▸ **Task instructions**: Please repeat the records below exactly, but only from the line that contains "(('d::finite \<Rightarrow> nat)" onward, ending with the last line.

▸ **Stored items**:
(* Let $K\subseteq\mathbb R^d$ be a compact set satisfying LMI($1$). For every $k\in\mathbb N$ there is $C_k>0$ such that for all $\varepsilon\in(0,1)$, $x\in\partial K$, $r>0$ and every polynomial $P$ of degree at most $k$, \[\sum_{|\alpha|=k}\frac{|\partial^\alpha P(0)|}{\alpha!}\le\frac{C_k}{r^k}\sup\{|P(y)|:y\in A_{x,\varepsilon},\ |y|\le r\}.\]
   Context: $A_{x,\varepsilon}=\varepsilon^{-1}(K-x)\cup\{y\in\mathbb R^d:|y|\ge\varepsilon^{-1}\}$. $K$ satisfies LMI($1$) if there are $\varepsilon_0>0$ and constants $c_k\ge1$ such that for every $k$, every polynomial $P$ of degree $\le k$, every $\varepsilon\in(0,\varepsilon_0)$ and every $x_0\in K$: $|\nabla P(x_0)|\le c_k\varepsilon^{-1}\sup\{|P(y)|:y\in B(x_0,\varepsilon)\cap K\}$ ($B$ the closed ball). *)

theory Defs
  imports "HOL-Analysis.Analysis"
begin

text \<open>Points of R^d are vectors real^'d (d = CARD('d)). Multi-indices are
functions 'd \<Rightarrow> nat; |alpha| = sum alpha UNIV.\<close>

definition mono :: "('d::finite \<Rightarrow> nat) \<Rightarrow> real^'d \<Rightarrow> real" where
  "mono \<alpha> y = (\<Prod>i\<in>UNIV. (y $ i) ^ (\<alpha> i))"

definition midx :: "nat \<Rightarrow> ('d::finite \<Rightarrow> nat) set" where
  "midx k = {\<alpha>. sum \<alpha> UNIV \<le> k}"

definition polyfun :: "nat \<Rightarrow> (('d::finite \<Rightarrow> nat) \<Rightarrow> real) \<Rightarrow> real^'d \<Rightarrow> real" where
  "polyfun k c y = (\<Sum>\<alpha>\<in>midx k. c \<alpha> * mono \<alpha> y)"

▸ **Response**:
definition polyfun :: "nat \<Rightarrow> (('d::finite \<Rightarrow> nat) \<Rightarrow> real) \<Rightarrow> real^'d \<Rightarrow> real" where
  "polyfun k c y = (\<Sum>\<alpha>\<in>midx k. c \<alpha> * mono \<alpha> y)"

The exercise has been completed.